Of course, we provide train detector independently like SORT, DeepSORT, StrongSORT. Then use this detector to track.

```shell
# Training Bytetrack on crowdhuman and mot17-half-train dataset with following command
# The number after config file represents the number of GPUs used. Here we use 8 GPUs
bash tools/dist_train.sh configs/bytetrack/yolox_x_8xb4-amp-80e_crowdhuman-mot17halftrain_test-mot17halfval.py 8
```

If you want to know about more detailed usage of `train.py/dist_train.sh/slurm_train.sh`,
please refer to this [document](../../docs/en/user_guides/tracking_train_test.md).
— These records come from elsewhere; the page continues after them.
(* Let $\varepsilon>0$, $\theta_0>0$, $\Delta t>0$, $N\in\mathbb{N}$, $h=L/N$, and assume the mobility is constant, $\mathcal{M}\equiv1$. Consider the scheme: given $\phi^n\in\mathcal{C}_{\rm per}$, find $\phi^{n+1},\mu^{n+1}\in\mathcal{C}_{\rm per}$ with $$\frac{\phi^{n+1}-\phi^n}{\Delta t}=\Delta_h\mu^{n+1},\qquad \mu^{n+1}=\ln(1+\phi^{n+1})-\ln(1-\phi^{n+1})-\theta_0\phi^n-\varepsilon^2\Delta_h\phi^{n+1}.$$ Given $\phi^n\in\mathcal{C}_{\rm per}$ with $\|\phi^n\|_\infty\le M$ for some $M>0$ and $|\overline{\phi^n}|<1$, there exists a unique solution $\phi^{n+1}\in\mathcal{C}_{\rm per}$ of this scheme with $\phi^{n+1}-\overline{\phi^n}\in\mathring{\mathcal{C}}_{\rm per}$ and $\|\phi^{n+1}\|_\infty<1$.
   Context: $\Omega=(0,L)^3$, periodic. Grid points $p_i=(i-\tfrac12)h$, $h=L/N$. $\mathcal{C}_{\rm per}$ is the space of real $N$-periodic grid functions $\nu_{i,j,k}$ on cell centers $(p_i,p_j,p_k)$. Inner product $\langle\nu,\xi\rangle=h^3\sum_{i,j,k=1}^N\nu_{i,j,k}\xi_{i,j,k}$; mean $\overline{\nu}=|\Omega|^{-1}\langle\nu,1\rangle$; $\mathring{\mathcal{C}}_{\rm per}=\{\nu\in\mathcal{C}_{\rm per}:\overline{\nu}=0\}$. $\Delta_h\nu_{i,j,k}=h^{-2}(\nu_{i+1,j,k}+\nu_{i-1,j,k}+\nu_{i,j+1,k}+\nu_{i,j-1,k}+\nu_{i,j,k+1}+\nu_{i,j,k-1}-6\nu_{i,j,k})$. $\|\nu\|_\infty=\max_{i,j,k}|\nu_{i,j,k}|$. Logarithms are applied pointwise. *)

theory Defs
  imports Complex_Main
begin

text \<open>Grid functions on cell centres, indexed by integer triples; the space C_per
consists of those that are N-periodic in each index. The fundamental cell is {1..N}^3.\<close>

type_synonym grid = "int \<Rightarrow> int \<Rightarrow> int \<Rightarrow> real"

definition Cper :: "nat \<Rightarrow> grid set" where
  "Cper N = {\<nu>. \<forall>i j k. \<nu> (i + int N) j k = \<nu> i j k \<and> \<nu> i (j + int N) k = \<nu> i j k
                          \<and> \<nu> i j (k + int N) = \<nu> i j k}"

definition cells :: "nat \<Rightarrow> (int \<times> int \<times> int) set" where
  "cells N = {1..int N} \<times> {1..int N} \<times> {1..int N}"

definition gridh :: "nat \<Rightarrow> real \<Rightarrow> real" where
  "gridh N L = L / real N"

definition ip :: "nat \<Rightarrow> real \<Rightarrow> grid \<Rightarrow> grid \<Rightarrow> real" where
  "ip N L \<nu> \<xi> = (gridh N L)^3 * (\<Sum>(i,j,k)\<in>cells N. \<nu> i j k * \<xi> i j k)"

definition gmean :: "nat \<Rightarrow> real \<Rightarrow> grid \<Rightarrow> real" where
  "gmean N L \<nu> = ip N L \<nu> (\<lambda>_ _ _. 1) / L^3"

definition Cper0 :: "nat \<Rightarrow> real \<Rightarrow> grid set" where
  "Cper0 N L = {\<nu> \<in> Cper N. gmean N L \<nu> = 0}"

definition lap :: "nat \<Rightarrow> real \<Rightarrow> grid \<Rightarrow> grid" where
  "lap N L \<nu> = (\<lambda>i j k. (\<nu> (i+1) j k + \<nu> (i-1) j k + \<nu> i (j+1) k + \<nu> i (j-1) k
       + \<nu> i j (k+1) + \<nu> i j (k-1) - 6 * \<nu> i j k) / (gridh N L)^2)"

definition supnorm :: "nat \<Rightarrow> grid \<Rightarrow> real" where
  "supnorm N \<nu> = Max ((\<lambda>(i,j,k). \<bar>\<nu> i j k\<bar>) ` cells N)"

definition scheme :: "nat \<Rightarrow> real \<Rightarrow> real \<Rightarrow> real \<Rightarrow> real \<Rightarrow> grid \<Rightarrow> grid \<Rightarrow> grid \<Rightarrow> bool" where
  "scheme N L \<epsilon> \<theta>\<^sub>0 dt \<phi>0 \<phi>1 \<mu>1 \<longleftrightarrow>
     (\<forall>i j k. (\<phi>1 i j k - \<phi>0 i j k) / dt = lap N L \<mu>1 i j k) \<and>
     (\<forall>i j k. \<mu>1 i j k = ln (1 + \<phi>1 i j k) - ln (1 - \<phi>1 i j k) - \<theta>\<^sub>0 * \<phi>0 i j k
                        - \<epsilon>^2 * lap N L \<phi>1 i j k)"

end

(*
  Write phi^(n+1) = phi^n + dt Lap_h u.  The scheme is then the Euler-Lagrange equation, in u,
  of the convex functional

    K(u) = sum F(psi) - theta0 <phi^n, psi> - eps^2/2 <psi, Lap_h psi> - dt/2 <u, Lap_h u>,
    psi = phi^n + dt Lap_h u,   F(x) = (1+x) ln(1+x) + (1-x) ln(1-x),

  on the set where |psi| <= 1, and mu^(n+1) - u is constant.  K is invariant under adding
  constants to u and, by the discrete energy identity, controls the discrete gradient of u, so it
  attains its minimum; the admissible set is nonempty because the mean of phi^n lies in (-1,1).
  A minimizer cannot touch +-1: pushing the saturated cells inwards lowers the entropy at the
  rate t ln t of the logarithmic singularity, while all other terms change only linearly in t.
  At the interior minimizer stationarity gives Lap_h mu = Lap_h u, i.e. the scheme.  Uniqueness
  follows from the strict monotonicity of F' and the negativity of <v, Lap_h v>.
*)
theory Submission
  imports Defs "HOL-Analysis.Analysis" "HOL-Real_Asymp.Real_Asymp"
begin

section \<open>Periodic grid functions and cell sums\<close>

definition csum :: "nat \<Rightarrow> grid \<Rightarrow> real" where
  "csum N f = (\<Sum>(i,j,k)\<in>cells N. f i j k)"

lemma finite_cells: "finite (cells N)"
  unfolding cells_def by simp

lemma card_cells: "card (cells N) = N ^ 3"
  unfolding cells_def by (simp add: card_cartesian_product power3_eq_cube)

lemma csum_nested: "csum N f = (\<Sum>i\<in>{1..int N}. \<Sum>j\<in>{1..int N}. \<Sum>k\<in>{1..int N}. f i j k)"
  unfolding csum_def cells_def by (simp add: sum.cartesian_product)

lemma csum_add: "csum N (\<lambda>i j k. f i j k + g i j k) = csum N f + csum N g"
  unfolding csum_def by (simp add: sum.distrib split_def)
### 4. Testing and evaluation

### 4.1 Example on MOTxx-halfval dataset

**4.1.1 use joint trained detector to evaluating and testing**

```shell
bash tools/dist_test_tracking.sh configs/bytetrack/bytetrack_yolox_x_8xb4-amp-80e_crowdhuman-mot17halftrain_test-mot17halfval.py 8 --checkpoint ${CHECKPOINT_FILE}
```

**4.1.2 use separate trained detector to evaluating and testing**

```shell
bash tools/dist_test_tracking.sh configs/bytetrack/bytetrack_yolox_x_8xb4-amp-80e_crowdhuman-mot17halftrain_test-mot17halfval.py 8 --detector ${CHECKPOINT_FILE}
```

**4.1.3 use video_baesd to evaluating and testing**

we also provide two_ways(img_based or video_based) to evaluating and testing.
if you want to use video_based to evaluating and testing, you can modify config as follows

```
val_dataloader = dict(
    sampler=dict(type='DefaultSampler', shuffle=False, round_up=False))
```

#### 4.2 Example on MOTxx-test dataset

If you want to get the results of the [MOT Challenge](https://motchallenge.net/) test set, please use the following command to generate result files that can be used for submission. It will be stored in `./mot_17_test_res`, you can modify the saved path in `test_evaluator` of the config.

```shell
bash tools/dist_test_tracking.sh configs/bytetrack/bytetrack_yolox_x_8xb4-amp-80e_crowdhuman-mot17halftrain_test-mot17test.py 8 --checkpoint ${CHECKPOINT_FILE}
```

If you want to know about more detailed usage of `test_tracking.py/dist_test_tracking.sh/slurm_test_tracking.sh`,
please refer to this [document](../../docs/en/user_guides/tracking_train_test.md).

### 5.Inference

Use a single GPU to predict a video and save it as a video.

```shell
python demo/mot_demo.py demo/demo_mot.mp4 configs/bytetrack/bytetrack_yolox_x_8xb4-amp-80e_crowdhuman-mot17halftrain_test-mot17halfval.py --checkpoint ${CHECKPOINT_FILE} --out mot.mp4
```

If you want to know about more detailed usage of `mot_demo.py`, please refer to this [document](../../docs/en/user_guides/tracking_inference.md).